== About this task ==
Going down the listing below, print exactly each line from the one with "(\<lambda>x. \<Sum>i\<in>I. c" up to and including the one with "I \<Longrightarrow> (T", and skip the rest.

== Information ==
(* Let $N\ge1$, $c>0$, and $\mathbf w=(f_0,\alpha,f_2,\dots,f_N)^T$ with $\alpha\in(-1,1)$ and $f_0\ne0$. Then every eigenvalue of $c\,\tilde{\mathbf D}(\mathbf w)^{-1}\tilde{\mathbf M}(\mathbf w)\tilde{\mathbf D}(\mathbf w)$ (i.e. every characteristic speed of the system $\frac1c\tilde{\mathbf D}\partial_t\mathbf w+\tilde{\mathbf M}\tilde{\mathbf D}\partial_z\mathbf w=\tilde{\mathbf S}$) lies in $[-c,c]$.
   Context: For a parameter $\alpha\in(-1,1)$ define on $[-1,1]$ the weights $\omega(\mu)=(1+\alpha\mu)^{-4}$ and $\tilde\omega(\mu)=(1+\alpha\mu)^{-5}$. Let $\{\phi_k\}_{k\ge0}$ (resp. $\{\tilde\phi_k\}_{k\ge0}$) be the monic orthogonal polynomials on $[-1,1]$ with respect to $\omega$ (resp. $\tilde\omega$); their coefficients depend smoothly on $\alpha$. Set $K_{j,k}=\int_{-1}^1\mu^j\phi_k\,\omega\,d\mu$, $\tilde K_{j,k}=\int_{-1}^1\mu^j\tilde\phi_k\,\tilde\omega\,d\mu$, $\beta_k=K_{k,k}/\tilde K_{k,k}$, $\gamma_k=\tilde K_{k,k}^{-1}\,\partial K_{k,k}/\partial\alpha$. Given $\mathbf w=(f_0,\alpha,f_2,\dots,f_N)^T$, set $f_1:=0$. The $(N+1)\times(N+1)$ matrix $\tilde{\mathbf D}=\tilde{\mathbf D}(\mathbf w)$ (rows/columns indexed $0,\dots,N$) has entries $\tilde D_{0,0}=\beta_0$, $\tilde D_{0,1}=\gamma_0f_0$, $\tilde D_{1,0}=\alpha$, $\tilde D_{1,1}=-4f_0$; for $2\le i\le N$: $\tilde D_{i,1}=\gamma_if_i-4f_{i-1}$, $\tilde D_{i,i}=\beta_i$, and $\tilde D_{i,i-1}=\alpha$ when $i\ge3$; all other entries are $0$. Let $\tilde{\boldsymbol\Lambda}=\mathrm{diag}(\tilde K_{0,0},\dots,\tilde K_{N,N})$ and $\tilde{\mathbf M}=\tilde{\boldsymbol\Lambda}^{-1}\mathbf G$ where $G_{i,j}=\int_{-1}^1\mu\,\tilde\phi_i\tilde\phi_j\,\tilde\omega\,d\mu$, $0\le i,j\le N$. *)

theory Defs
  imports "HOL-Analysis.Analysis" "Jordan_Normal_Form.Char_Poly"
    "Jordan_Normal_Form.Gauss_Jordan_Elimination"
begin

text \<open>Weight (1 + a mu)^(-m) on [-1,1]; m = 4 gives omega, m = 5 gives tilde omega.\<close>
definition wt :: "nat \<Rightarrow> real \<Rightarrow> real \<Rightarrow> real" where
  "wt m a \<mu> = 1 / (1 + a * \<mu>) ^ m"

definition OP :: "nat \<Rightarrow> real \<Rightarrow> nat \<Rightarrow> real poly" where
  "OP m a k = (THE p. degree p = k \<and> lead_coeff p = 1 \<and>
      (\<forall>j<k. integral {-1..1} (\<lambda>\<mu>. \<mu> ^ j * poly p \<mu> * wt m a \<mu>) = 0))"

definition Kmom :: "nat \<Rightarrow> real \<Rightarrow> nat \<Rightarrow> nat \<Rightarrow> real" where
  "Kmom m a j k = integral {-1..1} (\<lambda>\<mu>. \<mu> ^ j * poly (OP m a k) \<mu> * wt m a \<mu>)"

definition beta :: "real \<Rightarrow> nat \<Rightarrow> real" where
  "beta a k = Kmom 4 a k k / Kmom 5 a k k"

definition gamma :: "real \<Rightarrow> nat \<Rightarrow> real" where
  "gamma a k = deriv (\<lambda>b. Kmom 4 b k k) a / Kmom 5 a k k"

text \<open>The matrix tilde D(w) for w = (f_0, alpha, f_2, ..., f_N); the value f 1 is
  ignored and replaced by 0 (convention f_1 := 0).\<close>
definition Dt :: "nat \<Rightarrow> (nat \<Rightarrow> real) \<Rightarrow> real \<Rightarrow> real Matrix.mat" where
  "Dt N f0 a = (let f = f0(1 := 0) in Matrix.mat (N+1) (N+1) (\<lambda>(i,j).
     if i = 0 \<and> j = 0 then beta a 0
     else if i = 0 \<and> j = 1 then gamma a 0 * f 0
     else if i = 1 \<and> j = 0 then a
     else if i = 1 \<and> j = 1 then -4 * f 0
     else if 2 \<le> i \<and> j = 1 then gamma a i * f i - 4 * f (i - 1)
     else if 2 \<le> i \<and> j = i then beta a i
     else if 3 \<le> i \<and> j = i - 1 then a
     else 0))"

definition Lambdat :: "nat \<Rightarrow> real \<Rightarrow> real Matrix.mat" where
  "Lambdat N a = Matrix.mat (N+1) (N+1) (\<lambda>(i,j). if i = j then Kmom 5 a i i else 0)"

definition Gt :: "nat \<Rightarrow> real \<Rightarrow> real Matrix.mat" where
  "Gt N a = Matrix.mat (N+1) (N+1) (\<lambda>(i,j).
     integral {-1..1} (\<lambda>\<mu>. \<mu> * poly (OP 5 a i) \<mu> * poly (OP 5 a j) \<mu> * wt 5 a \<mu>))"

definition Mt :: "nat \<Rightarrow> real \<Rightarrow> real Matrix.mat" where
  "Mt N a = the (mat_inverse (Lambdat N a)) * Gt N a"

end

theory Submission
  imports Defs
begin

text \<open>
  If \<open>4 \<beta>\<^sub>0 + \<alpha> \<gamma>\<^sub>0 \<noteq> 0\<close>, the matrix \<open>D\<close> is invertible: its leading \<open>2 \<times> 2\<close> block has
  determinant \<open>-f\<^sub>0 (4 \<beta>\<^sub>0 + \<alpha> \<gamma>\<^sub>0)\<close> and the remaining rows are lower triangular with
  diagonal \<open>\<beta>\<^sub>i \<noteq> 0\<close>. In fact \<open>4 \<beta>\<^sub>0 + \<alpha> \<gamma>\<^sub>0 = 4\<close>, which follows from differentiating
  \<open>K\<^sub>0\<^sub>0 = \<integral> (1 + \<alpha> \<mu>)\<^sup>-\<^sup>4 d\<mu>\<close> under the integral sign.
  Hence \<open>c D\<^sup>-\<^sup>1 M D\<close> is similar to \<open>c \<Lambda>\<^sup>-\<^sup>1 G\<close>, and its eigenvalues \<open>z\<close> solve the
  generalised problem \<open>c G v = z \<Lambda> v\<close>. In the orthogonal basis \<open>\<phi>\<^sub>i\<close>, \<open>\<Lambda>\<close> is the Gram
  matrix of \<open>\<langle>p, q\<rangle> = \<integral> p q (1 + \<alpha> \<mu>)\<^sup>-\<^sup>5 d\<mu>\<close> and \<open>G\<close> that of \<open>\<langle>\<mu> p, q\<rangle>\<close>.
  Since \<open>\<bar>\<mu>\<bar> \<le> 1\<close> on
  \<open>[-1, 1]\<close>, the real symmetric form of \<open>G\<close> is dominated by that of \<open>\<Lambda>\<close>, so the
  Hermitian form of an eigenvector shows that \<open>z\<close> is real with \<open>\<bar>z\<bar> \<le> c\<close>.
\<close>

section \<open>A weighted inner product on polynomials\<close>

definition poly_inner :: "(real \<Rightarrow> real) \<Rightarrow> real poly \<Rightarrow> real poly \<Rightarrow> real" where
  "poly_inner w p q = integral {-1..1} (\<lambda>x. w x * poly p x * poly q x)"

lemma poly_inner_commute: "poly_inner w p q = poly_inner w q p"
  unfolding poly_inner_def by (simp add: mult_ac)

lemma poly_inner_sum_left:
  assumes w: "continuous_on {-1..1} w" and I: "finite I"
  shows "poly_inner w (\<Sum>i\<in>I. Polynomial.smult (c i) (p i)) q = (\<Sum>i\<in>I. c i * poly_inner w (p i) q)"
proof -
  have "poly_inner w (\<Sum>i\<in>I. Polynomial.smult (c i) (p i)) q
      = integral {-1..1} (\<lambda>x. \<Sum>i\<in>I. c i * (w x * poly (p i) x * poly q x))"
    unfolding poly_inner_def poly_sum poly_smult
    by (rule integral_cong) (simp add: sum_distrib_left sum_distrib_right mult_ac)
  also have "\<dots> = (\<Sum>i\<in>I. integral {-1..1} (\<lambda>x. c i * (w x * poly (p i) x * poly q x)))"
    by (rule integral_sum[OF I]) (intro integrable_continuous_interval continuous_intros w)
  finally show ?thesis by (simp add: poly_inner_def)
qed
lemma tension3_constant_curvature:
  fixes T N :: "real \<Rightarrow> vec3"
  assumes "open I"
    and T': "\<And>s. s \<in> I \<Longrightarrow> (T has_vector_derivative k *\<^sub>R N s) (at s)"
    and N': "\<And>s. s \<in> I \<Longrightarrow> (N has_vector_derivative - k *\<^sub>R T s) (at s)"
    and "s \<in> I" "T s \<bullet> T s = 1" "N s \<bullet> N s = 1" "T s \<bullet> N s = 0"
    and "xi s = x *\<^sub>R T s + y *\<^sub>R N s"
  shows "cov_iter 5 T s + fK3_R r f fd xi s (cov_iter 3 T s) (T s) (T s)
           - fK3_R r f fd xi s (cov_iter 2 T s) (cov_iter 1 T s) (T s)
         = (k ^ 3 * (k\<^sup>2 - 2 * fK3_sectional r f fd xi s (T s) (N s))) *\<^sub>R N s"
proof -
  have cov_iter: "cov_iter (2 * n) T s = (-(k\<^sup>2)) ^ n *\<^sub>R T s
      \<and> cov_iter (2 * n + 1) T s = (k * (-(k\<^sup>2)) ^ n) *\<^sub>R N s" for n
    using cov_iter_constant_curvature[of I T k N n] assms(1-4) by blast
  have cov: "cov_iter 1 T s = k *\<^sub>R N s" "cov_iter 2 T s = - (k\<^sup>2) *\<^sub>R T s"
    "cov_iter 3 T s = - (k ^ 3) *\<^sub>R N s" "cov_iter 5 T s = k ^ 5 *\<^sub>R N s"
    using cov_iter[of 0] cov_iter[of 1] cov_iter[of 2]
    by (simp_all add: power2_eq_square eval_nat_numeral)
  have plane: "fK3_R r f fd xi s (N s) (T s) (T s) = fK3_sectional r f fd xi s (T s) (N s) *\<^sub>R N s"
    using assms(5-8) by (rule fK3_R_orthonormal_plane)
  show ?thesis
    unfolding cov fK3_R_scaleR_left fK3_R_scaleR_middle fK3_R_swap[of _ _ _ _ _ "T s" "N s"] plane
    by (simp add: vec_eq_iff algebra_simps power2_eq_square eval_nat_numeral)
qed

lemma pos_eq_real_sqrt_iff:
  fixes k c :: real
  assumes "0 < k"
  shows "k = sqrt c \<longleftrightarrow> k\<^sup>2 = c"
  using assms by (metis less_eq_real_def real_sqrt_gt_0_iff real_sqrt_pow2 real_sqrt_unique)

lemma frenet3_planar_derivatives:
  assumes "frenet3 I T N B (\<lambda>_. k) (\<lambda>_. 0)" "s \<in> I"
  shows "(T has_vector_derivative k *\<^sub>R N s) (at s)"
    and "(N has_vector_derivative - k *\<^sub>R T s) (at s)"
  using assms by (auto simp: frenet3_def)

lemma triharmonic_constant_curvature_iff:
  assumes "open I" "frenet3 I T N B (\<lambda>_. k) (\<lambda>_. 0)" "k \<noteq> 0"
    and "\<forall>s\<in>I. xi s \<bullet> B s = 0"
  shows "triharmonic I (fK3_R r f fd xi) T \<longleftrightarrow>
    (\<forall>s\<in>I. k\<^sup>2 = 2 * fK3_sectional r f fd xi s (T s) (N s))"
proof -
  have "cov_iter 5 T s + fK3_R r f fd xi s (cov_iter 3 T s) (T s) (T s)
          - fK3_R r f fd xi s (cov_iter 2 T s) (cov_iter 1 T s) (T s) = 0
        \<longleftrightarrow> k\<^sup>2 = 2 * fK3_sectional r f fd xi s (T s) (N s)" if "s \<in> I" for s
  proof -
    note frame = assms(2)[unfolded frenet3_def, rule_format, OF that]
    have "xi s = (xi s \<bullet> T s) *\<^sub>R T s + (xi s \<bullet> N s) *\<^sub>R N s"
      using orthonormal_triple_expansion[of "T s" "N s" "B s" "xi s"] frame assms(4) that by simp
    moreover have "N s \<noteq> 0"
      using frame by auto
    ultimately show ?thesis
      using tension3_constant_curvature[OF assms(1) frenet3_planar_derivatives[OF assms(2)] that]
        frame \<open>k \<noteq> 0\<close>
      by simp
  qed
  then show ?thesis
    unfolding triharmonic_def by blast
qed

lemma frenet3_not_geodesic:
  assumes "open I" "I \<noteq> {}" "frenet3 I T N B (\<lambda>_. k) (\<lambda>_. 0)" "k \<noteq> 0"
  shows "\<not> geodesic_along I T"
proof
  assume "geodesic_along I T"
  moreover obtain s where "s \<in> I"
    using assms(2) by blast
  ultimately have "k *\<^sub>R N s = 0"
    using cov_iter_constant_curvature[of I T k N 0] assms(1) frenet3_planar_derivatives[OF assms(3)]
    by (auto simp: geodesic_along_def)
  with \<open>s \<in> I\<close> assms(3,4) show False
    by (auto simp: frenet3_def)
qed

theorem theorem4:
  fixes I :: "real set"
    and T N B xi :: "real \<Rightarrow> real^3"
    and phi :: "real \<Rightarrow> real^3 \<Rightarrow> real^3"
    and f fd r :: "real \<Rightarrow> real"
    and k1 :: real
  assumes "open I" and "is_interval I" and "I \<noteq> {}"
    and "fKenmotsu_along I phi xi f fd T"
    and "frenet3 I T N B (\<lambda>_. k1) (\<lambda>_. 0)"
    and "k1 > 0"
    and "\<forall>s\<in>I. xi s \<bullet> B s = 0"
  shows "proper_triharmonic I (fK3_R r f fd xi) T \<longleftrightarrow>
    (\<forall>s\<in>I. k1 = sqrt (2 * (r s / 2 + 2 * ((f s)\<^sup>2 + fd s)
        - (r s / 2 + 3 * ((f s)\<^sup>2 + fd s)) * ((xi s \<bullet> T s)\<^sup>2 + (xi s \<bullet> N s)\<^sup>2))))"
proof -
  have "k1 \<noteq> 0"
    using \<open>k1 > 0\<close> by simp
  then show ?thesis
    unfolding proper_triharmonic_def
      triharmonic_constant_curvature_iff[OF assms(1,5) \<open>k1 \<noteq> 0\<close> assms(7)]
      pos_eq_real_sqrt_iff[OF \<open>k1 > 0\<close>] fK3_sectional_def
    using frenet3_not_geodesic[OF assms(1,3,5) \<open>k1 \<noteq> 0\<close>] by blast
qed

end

== Final answer ==
      = integral {-1..1} (\<lambda>x. \<Sum>i\<in>I. c i * (w x * poly (p i) x * poly q x))"
    unfolding poly_inner_def poly_sum poly_smult
    by (rule integral_cong) (simp add: sum_distrib_left sum_distrib_right mult_ac)
  also have "\<dots> = (\<Sum>i\<in>I. integral {-1..1} (\<lambda>x. c i * (w x * poly (p i) x * poly q x)))"
    by (rule integral_sum[OF I]) (intro integrable_continuous_interval continuous_intros w)
  finally show ?thesis by (simp add: poly_inner_def)
qed
lemma tension3_constant_curvature:
  fixes T N :: "real \<Rightarrow> vec3"
  assumes "open I"
    and T': "\<And>s. s \<in> I \<Longrightarrow> (T has_vector_derivative k *\<^sub>R N s) (at s)"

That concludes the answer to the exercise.